Dataset entries
□ □ □ □ □

lemma low_visits_here:
  assumes "T + D < length ys" "ys ! T \<le> L"
  shows "low_visits L D ys T (Suc j) \<longleftrightarrow> low_visits L D ys (T + D) j"
proof
  assume "low_visits L D ys T (Suc j)"
  then obtain t where "T \<le> t" "low_visits L D ys (t + D) j" by auto
  then show "low_visits L D ys (T + D) j" by (rule_tac low_visits_mono) auto
qed (use assms in auto)

lemma stays_above_split:
  assumes "T \<le> S" "S < length ws" "length ws \<le> length ys" "\<forall>i<length ws. ys ! i = ws ! i"
  shows "stays_above a ys T \<longleftrightarrow> stays_above a ws T \<and> stays_above a ys S"
proof
  assume h: "stays_above a ys T"
  show "stays_above a ws T \<and> stays_above a ys S"
    unfolding stays_above_def
  proof (intro conjI allI impI)
    fix t assume "T \<le> t" "t < length ws"
    then show "a < ws ! t" using h assms unfolding stays_above_def by (metis less_le_trans)
  next
    fix t assume "S \<le> t" "t < length ys"
    then show "a < ys ! t" using h assms unfolding stays_above_def by (meson le_trans)
  qed
next
  assume h: "stays_above a ws T \<and> stays_above a ys S"
  show "stays_above a ys T" unfolding stays_above_def
  proof (intro allI impI)
    fix t assume t: "T \<le> t" "t < length ys"
    show "a < ys ! t"
    proof (cases "t < S")
      case True
      then show ?thesis using h t assms unfolding stays_above_def by (metis less_trans)
    qed (use h t in \<open>simp add: stays_above_def\<close>)
  qed
qed

lemma stays_above_Suc: "a < ys ! T \<Longrightarrow> stays_above a ys T \<longleftrightarrow> stays_above a ys (Suc T)"
  unfolding stays_above_def by (metis Suc_leD le_antisym not_less_eq_eq)

context grrw_walk
begin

□ □ □ □ □

* [Task details]: The records must be reproduced in full. Nothing should differ.

* [Task solution]:
lemma low_visits_here:
  assumes "T + D < length ys" "ys ! T \<le> L"
  shows "low_visits L D ys T (Suc j) \<longleftrightarrow> low_visits L D ys (T + D) j"
proof
  assume "low_visits L D ys T (Suc j)"
  then obtain t where "T \<le> t" "low_visits L D ys (t + D) j" by auto
  then show "low_visits L D ys (T + D) j" by (rule_tac low_visits_mono) auto
qed (use assms in auto)

lemma stays_above_split:
  assumes "T \<le> S" "S < length ws" "length ws \<le> length ys" "\<forall>i<length ws. ys ! i = ws ! i"
  shows "stays_above a ys T \<longleftrightarrow> stays_above a ws T \<and> stays_above a ys S"
proof
  assume h: "stays_above a ys T"
  show "stays_above a ws T \<and> stays_above a ys S"
    unfolding stays_above_def
  proof (intro conjI allI impI)
    fix t assume "T \<le> t" "t < length ws"
    then show "a < ws ! t" using h assms unfolding stays_above_def by (metis less_le_trans)
  next
    fix t assume "S \<le> t" "t < length ys"
    then show "a < ys ! t" using h assms unfolding stays_above_def by (meson le_trans)
  qed
next
  assume h: "stays_above a ws T \<and> stays_above a ys S"
  show "stays_above a ys T" unfolding stays_above_def
  proof (intro allI impI)
    fix t assume t: "T \<le> t" "t < length ys"
    show "a < ys ! t"
    proof (cases "t < S")
      case True
      then show ?thesis using h t assms unfolding stays_above_def by (metis less_trans)
    qed (use h t in \<open>simp add: stays_above_def\<close>)
  qed
qed

lemma stays_above_Suc: "a < ys ! T \<Longrightarrow> stays_above a ys T \<longleftrightarrow> stays_above a ys (Suc T)"
  unfolding stays_above_def by (metis Suc_leD le_antisym not_less_eq_eq)

context grrw_walk
begin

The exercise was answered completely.